Reduced variable set models (risk factors)
We then investigated models with fewer variables, by training only on the risk factors, variables identified as significant (p-value < 0·05 in Table 2), among hospital contextual and ward contact network variables. (We dropped clinical patient variables, room-contact network, and building-contact network due to comparably low performance.) Table 3b shows that the models based only on risk factors have equal performance to models that include all the corersponding variables (AUC-ROC 0·82 [0·80-0·84] for the hospital contextual risk factors, AUC-ROC 0·87 [0·85-0·89] for the ward contact network risk factors, and AUC-ROC 0·89 [0·88-0·90] for the combined model).

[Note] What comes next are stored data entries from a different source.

lemma NOM_outcome_preferred_to_equal_division:
  fixes \<phi> :: "('n::finite) rule"
  assumes rule: "is_rule \<phi>" and opo: "own_peak_only \<phi>" and edg: "equal_division_guarantee \<phi>"
    and nom: "NOM \<phi>" and econ: "economy R \<Omega>"
    and Q: "single_peaked Q" "peak Q = peak (R i)"
  shows "Q (ereal (\<phi> R \<Omega> i)) (ereal (\<Omega> / real CARD('n)))"
proof (rule ccontr)
  let ?c = "\<Omega> / real CARD('n)"
  have c: "0 \<le> ?c" using economyD(2)[OF econ] by simp
  assume "\<not> ?thesis"
  then have worse: "strict Q (ereal ?c) (ereal (\<phi> R \<Omega> i))"
    using single_peaked_total[OF Q(1) is_ruleD(1)[OF rule econ, of i] c] by (simp add: strict_def)
  obtain E where E: "single_peaked E" "peak E = ereal ?c"
    using exists_single_peaked[OF c] by blast
  have reporting_E: "\<phi> R' \<Omega> i = ?c" if "\<forall>j. single_peaked (R' j)" "R' i = E" for R'
    using equal_division_guarantee_eq[OF rule edg, of R' \<Omega> i] that E economyD(2)[OF econ]
    by (simp add: economy_def)
  have reporting_Q: "\<phi> (R(i := Q)) \<Omega> i = \<phi> R \<Omega> i"
    using opo econ Q unfolding own_peak_only_def by metis
  have all_sp: "\<forall>j. single_peaked (R j)" using econ by (simp add: economy_def)
  have "manipulation \<phi> i Q \<Omega> E"
    unfolding manipulation_def
    using all_sp reporting_Q reporting_E[of "R(i := E)"] E(1) worse by (intro exI[of _ R]) simp
  moreover have "\<exists>x\<in>option_set \<phi> i Q \<Omega>. strict Q (ereal x') (ereal x)"
    if "x' \<in> option_set \<phi> i E \<Omega>" for x'
  proof -
    have "x' = ?c"
      using that reporting_E unfolding option_set_def by blast
    moreover have "\<phi> R \<Omega> i \<in> option_set \<phi> i Q \<Omega>"
      unfolding option_set_def using all_sp Q(1) reporting_Q
      by (intro CollectI exI[of _ "R(i := Q)"]) simp
    ultimately show ?thesis using worse by blast
  qed
  ultimately have "obvious_manipulation \<phi> i Q \<Omega> E"
    by (simp add: obvious_manipulation_def)
  with nom Q(1) E(1) economyD(2)[OF econ] show False
    unfolding NOM_def by blast
qed
(* Let $P_1,\dots,P_M$ be monic real polynomials with $P_\ell(0)=1$, and suppose that for each $\ell$ there is an exponent $s_\ell$ such that the coefficient of $x^{s_\ell}$ in $P_\ell$ is a differentiable function $p_\ell(z)\ge 0$ of a variable $z>0$, while all other coefficients of $P_\ell$ are nonnegative constants. Let $y_1,\dots,y_M\in\mathcal C$ and $c_1,\dots,c_M\in\mathbb Q$ be such that $\sum_{\ell=1}^Mc_\ell\big(y_\ell(z)\wedge P_\ell(y_\ell(z))\big)=0$ in $\bigwedge^2\mathcal C$ (here $z\mapsto P_\ell(y_\ell(z))$ is viewed as an element of $\mathcal C$, with the coefficient $p_\ell$ evaluated at $z$). Then $$\frac{d}{dz}\sum_{\ell=1}^Mc_\ell\tilde L_{P_\ell}\big(y_\ell(z)\big)=\sum_{\ell=1}^Mc_\ell\frac{dp_\ell}{dz}\int_0^{y_\ell(z)}\frac{y^{s_\ell-1}}{P_\ell(y)}\,dy,$$ where on the left $P_\ell$ also depends on $z$ through $p_\ell$.
   Context: $\mathcal C$ is the set of differentiable functions $\mathbb R_{>0}\to\mathbb R_{>0}$, regarded as an abelian group under pointwise multiplication. $\mathcal C\otimes\mathcal C$ denotes the rational vector space $\mathbb Q\otimes_{\mathbb Z}(\mathcal C\otimes_{\mathbb Z}\mathcal C)$; $\bigwedge^2\mathcal C=(\mathcal C\otimes\mathcal C)/S^2\mathcal C$, where $S^2\mathcal C$ is the subspace spanned by all $h\otimes h$, and $y_1\wedge y_2$ is the class of $y_1\otimes y_2$. For a monic polynomial $P$ with nonnegative coefficients and $P(0)=1$, $\tilde L_P(x)=\frac12\int_0^x\Big(\frac{\log P(y)}{y}-\frac{\log y}{P(y)}P'(y)\Big)dy$ for $x>0$; equivalently $\tilde L_P(x)=\int_0^x\frac{\log P(y)}{y}dy-\frac12\log x\log P(x)$. *)

theory Defs
  imports "HOL-Analysis.Analysis" "HOL-Computational_Algebra.Polynomial"
begin

(* The group C: differentiable positive functions on (0,oo).  Each element is
   represented canonically by a function real => real that is 1 on (-oo,0]. *)
definition Cset :: "(real \<Rightarrow> real) set" where
  "Cset = {f. (\<forall>x>0. 0 < f x \<and> f differentiable (at x)) \<and> (\<forall>x\<le>0. f x = 1)}"

definition cnorm :: "(real \<Rightarrow> real) \<Rightarrow> (real \<Rightarrow> real)" where
  "cnorm f = (\<lambda>x. if 0 < x then f x else 1)"

definition cmul :: "(real \<Rightarrow> real) \<Rightarrow> (real \<Rightarrow> real) \<Rightarrow> (real \<Rightarrow> real)" where
  "cmul f g = (\<lambda>x. f x * g x)"

(* free Q-vector space on C x C: finitely supported functions to rat; basis vectors *)
definition fsingle :: "'a \<Rightarrow> 'a \<Rightarrow> rat" where
  "fsingle a = (\<lambda>q. if q = a then 1 else 0)"

(* generators of the kernel of  Q[C x C] -> Q (x)_Z (C (x)_Z C) / S^2 C = wedge^2 C :
   bi-additivity relations and the relations h (x) h *)
definition wedge_relations :: "((real \<Rightarrow> real) \<times> (real \<Rightarrow> real) \<Rightarrow> rat) set" where
  "wedge_relations =
     {(\<lambda>q. fsingle (cmul f g, h) q - fsingle (f, h) q - fsingle (g, h) q) | f g h.
         f \<in> Cset \<and> g \<in> Cset \<and> h \<in> Cset}
   \<union> {(\<lambda>q. fsingle (f, cmul g h) q - fsingle (f, g) q - fsingle (f, h) q) | f g h.
         f \<in> Cset \<and> g \<in> Cset \<and> h \<in> Cset}
   \<union> {fsingle (h, h) | h. h \<in> Cset}"

definition rat_span :: "('a \<Rightarrow> rat) set \<Rightarrow> ('a \<Rightarrow> rat) set" where
  "rat_span S = {v. \<exists>(n::nat) (a::nat \<Rightarrow> rat) r. (\<forall>i<n. r i \<in> S) \<and>
                        v = (\<lambda>q. \<Sum>i<n. a i * r i q)}"

(* sum_{l<M} c_l (y_l wedge w_l) = 0 in wedge^2 C  (all y_l, w_l assumed in C) *)
definition wedge_sum_zero ::
  "nat \<Rightarrow> (nat \<Rightarrow> rat) \<Rightarrow> (nat \<Rightarrow> real \<Rightarrow> real) \<Rightarrow> (nat \<Rightarrow> real \<Rightarrow> real) \<Rightarrow> bool" where
  "wedge_sum_zero M c u w \<longleftrightarrow>
     (\<lambda>q. \<Sum>l<M. c l * fsingle (u l, w l) q) \<in> rat_span wedge_relations"

definition Ltilde :: "real poly \<Rightarrow> real \<Rightarrow> real" where
  "Ltilde P x = 1/2 * integral {0..x}
      (\<lambda>y. ln (poly P y) / y - ln y / poly P y * poly (pderiv P) y)"

definition polyfam :: "real poly \<Rightarrow> (real \<Rightarrow> real) \<Rightarrow> nat \<Rightarrow> real \<Rightarrow> real poly" where
  "polyfam Q p s z = Q + monom (p z) s"

end

theory Submission
  imports Defs "HOL-Real_Asymp.Real_Asymp"
begin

Hence the identified risk factors recapitulate the predictive power of the models.
Reduced variable set ranking
Using a stepwise variable elimination approach (Results S2.5), we then ranked by predictive contribution the combined set of risk factors (hospital-contextual plus ward-contact network). The hospital contextual variable ‘background hospital COVID-19 prevalence’ was most predictive, followed by two ward-contact network variables that reflect proximity to recent positive COVID-19 cases: the infected closeness centrality, which measures the network distance to all cases, and the infected degree/degree-centrality, which measures the direct contacts to infectious cases. A parsimonious model based only on these top three variables achieved AUC-ROC 0·85 [0·82-0·88], representing 95 5% of the combined model performance (Results S2.5). The same top three variables are also found when applying variable elimination to: (i) the entire variable set, and (ii) all the risk factors (see Table 2 and S2.5).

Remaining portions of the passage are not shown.